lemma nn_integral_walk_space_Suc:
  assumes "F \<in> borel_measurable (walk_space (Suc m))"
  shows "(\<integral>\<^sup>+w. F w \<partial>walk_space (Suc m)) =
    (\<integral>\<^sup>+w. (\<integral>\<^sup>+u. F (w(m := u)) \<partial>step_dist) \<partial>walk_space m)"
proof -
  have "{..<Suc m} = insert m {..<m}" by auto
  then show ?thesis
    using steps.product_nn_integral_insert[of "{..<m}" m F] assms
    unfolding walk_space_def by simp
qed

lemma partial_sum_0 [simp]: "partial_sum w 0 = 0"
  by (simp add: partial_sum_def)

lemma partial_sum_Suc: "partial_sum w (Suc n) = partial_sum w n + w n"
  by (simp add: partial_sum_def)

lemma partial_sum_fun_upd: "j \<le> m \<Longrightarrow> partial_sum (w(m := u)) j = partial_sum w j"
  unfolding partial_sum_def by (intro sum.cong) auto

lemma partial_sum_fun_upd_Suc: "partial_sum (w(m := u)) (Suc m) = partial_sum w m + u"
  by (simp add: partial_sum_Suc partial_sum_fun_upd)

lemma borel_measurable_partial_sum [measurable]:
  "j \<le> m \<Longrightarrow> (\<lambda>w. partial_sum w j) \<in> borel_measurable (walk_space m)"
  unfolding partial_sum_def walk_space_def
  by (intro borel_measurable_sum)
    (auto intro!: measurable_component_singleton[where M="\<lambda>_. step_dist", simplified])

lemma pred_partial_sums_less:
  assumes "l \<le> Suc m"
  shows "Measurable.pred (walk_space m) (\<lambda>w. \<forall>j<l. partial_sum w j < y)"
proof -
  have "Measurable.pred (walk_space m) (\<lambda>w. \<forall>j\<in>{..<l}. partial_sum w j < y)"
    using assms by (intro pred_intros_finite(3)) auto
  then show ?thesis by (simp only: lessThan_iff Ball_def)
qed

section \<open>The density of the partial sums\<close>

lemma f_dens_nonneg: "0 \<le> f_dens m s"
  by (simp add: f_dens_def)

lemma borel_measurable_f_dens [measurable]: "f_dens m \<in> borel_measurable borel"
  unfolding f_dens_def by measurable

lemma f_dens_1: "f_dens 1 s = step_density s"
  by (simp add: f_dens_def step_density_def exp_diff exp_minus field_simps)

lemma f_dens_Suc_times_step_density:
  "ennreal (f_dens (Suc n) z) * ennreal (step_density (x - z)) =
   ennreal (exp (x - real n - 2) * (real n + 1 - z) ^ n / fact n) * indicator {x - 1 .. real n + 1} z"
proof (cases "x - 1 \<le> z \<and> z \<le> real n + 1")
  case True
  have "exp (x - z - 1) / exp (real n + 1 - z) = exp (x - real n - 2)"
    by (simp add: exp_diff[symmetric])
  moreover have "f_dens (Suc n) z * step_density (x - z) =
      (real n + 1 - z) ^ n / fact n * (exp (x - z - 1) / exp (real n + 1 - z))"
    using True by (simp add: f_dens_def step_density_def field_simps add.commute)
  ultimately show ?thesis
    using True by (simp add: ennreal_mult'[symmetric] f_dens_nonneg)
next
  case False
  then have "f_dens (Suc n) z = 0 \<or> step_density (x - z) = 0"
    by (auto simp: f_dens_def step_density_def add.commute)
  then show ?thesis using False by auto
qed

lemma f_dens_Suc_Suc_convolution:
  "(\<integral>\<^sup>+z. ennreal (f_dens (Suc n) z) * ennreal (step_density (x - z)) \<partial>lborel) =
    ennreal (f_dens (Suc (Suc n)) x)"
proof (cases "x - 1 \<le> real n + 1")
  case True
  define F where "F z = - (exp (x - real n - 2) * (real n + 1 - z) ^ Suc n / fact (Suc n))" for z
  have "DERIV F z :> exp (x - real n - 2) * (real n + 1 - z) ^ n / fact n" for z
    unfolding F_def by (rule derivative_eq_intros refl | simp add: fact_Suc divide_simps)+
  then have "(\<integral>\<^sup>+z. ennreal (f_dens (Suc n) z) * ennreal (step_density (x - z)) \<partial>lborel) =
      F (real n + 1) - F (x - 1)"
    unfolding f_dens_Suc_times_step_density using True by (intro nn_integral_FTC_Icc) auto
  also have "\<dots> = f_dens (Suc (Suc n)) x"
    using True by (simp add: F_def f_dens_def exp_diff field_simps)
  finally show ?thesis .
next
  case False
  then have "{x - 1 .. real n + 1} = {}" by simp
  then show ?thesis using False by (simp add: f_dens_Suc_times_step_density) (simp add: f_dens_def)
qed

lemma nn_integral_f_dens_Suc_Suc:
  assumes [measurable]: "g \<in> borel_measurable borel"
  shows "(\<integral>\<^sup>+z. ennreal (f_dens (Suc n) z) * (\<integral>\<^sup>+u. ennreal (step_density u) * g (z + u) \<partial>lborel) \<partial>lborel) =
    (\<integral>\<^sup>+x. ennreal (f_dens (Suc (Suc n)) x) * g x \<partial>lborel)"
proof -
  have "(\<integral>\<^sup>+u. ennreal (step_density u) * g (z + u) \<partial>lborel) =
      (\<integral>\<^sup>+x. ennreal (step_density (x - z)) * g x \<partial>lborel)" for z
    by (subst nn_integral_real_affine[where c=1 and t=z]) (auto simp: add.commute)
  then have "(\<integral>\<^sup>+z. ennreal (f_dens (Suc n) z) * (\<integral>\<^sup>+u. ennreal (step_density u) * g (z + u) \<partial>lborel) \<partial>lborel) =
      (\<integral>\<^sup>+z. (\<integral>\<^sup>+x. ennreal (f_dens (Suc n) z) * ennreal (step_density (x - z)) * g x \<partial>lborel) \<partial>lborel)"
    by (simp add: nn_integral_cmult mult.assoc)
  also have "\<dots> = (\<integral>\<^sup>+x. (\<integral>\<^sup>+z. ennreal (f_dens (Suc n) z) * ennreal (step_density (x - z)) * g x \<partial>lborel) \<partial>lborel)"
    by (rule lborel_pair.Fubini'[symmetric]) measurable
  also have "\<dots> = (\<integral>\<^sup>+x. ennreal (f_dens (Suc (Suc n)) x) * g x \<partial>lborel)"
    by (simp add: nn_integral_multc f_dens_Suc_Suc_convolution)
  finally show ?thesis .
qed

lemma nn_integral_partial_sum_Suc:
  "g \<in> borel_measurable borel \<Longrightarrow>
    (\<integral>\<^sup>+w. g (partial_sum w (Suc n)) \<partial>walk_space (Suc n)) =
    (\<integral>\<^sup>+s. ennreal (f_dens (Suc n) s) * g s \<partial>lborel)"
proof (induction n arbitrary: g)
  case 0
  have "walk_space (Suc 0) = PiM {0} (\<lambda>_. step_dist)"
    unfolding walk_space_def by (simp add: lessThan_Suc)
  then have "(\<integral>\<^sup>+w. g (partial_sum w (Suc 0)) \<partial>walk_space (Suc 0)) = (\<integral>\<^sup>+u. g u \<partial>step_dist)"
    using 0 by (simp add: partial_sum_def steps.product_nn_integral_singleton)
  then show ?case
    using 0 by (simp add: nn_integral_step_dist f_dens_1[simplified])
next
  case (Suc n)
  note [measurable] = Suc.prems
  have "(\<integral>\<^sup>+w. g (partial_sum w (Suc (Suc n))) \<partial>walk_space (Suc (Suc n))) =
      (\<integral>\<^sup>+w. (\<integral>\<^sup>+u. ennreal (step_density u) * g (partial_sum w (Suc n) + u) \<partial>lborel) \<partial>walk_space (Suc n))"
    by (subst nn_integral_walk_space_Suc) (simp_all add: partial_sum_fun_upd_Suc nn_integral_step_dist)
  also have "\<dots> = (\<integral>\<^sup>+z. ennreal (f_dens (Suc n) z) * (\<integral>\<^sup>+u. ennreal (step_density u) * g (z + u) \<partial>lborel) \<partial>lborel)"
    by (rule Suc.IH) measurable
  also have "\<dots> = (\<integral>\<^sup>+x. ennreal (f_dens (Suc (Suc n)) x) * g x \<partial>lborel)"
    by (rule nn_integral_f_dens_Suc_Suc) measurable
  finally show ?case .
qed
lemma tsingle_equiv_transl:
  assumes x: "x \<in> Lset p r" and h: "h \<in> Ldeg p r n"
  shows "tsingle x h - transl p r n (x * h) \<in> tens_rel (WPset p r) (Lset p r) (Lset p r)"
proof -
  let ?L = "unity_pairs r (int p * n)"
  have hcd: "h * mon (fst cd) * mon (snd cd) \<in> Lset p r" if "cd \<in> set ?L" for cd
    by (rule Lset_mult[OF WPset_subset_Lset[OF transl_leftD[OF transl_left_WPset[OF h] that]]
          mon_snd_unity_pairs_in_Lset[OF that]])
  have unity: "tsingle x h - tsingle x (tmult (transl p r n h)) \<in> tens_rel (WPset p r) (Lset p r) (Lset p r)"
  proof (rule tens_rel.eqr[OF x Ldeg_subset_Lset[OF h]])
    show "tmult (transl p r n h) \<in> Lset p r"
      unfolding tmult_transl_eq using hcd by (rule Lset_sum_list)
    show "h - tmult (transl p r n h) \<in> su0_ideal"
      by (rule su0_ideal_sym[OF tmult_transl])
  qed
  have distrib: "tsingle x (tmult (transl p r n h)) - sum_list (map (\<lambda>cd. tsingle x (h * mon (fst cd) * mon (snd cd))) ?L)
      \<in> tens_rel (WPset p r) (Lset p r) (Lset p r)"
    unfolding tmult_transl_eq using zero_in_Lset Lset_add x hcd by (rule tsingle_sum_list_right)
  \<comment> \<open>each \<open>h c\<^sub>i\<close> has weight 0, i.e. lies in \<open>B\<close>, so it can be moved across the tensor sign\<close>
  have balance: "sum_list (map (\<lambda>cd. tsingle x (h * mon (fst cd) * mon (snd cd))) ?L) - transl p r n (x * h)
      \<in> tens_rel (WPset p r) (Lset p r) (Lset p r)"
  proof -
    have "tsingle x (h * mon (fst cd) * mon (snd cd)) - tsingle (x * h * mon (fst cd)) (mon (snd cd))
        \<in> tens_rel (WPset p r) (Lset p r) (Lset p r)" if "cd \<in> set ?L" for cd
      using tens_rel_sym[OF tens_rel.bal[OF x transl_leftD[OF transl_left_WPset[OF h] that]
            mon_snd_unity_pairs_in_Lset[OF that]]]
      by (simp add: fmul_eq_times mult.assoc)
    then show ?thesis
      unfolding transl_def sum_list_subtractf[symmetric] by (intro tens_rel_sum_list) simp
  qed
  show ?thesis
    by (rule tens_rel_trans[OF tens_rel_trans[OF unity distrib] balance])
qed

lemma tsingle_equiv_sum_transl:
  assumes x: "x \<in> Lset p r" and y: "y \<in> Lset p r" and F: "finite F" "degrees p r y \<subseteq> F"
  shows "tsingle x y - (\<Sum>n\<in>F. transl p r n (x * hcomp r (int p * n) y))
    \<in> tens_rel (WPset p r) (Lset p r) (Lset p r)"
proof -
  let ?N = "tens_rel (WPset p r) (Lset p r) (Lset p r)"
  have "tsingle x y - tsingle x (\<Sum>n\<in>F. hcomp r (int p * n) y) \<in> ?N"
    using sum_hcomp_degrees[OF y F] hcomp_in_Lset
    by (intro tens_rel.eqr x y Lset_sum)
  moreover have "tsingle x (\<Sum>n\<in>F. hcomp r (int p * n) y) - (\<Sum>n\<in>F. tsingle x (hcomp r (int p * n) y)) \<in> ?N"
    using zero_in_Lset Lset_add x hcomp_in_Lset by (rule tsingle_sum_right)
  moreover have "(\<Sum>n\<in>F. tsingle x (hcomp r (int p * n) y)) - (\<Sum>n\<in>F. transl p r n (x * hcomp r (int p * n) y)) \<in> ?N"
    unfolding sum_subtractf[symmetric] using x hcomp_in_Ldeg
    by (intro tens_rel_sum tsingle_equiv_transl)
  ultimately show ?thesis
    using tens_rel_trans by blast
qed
·····
» **Try it**
Could you write out, exactly as they stand, only the lines above that begin at the line with "m \<Longrightarrow> partial_sum" and stop after the line with "using assms by"?

» **Output for this exercise**
lemma partial_sum_fun_upd: "j \<le> m \<Longrightarrow> partial_sum (w(m := u)) j = partial_sum w j"
  unfolding partial_sum_def by (intro sum.cong) auto

lemma partial_sum_fun_upd_Suc: "partial_sum (w(m := u)) (Suc m) = partial_sum w m + u"
  by (simp add: partial_sum_Suc partial_sum_fun_upd)

lemma borel_measurable_partial_sum [measurable]:
  "j \<le> m \<Longrightarrow> (\<lambda>w. partial_sum w j) \<in> borel_measurable (walk_space m)"
  unfolding partial_sum_def walk_space_def
  by (intro borel_measurable_sum)
    (auto intro!: measurable_component_singleton[where M="\<lambda>_. step_dist", simplified])

lemma pred_partial_sums_less:
  assumes "l \<le> Suc m"
  shows "Measurable.pred (walk_space m) (\<lambda>w. \<forall>j<l. partial_sum w j < y)"
proof -
  have "Measurable.pred (walk_space m) (\<lambda>w. \<forall>j\<in>{..<l}. partial_sum w j < y)"
    using assms by (intro pred_intros_finite(3)) auto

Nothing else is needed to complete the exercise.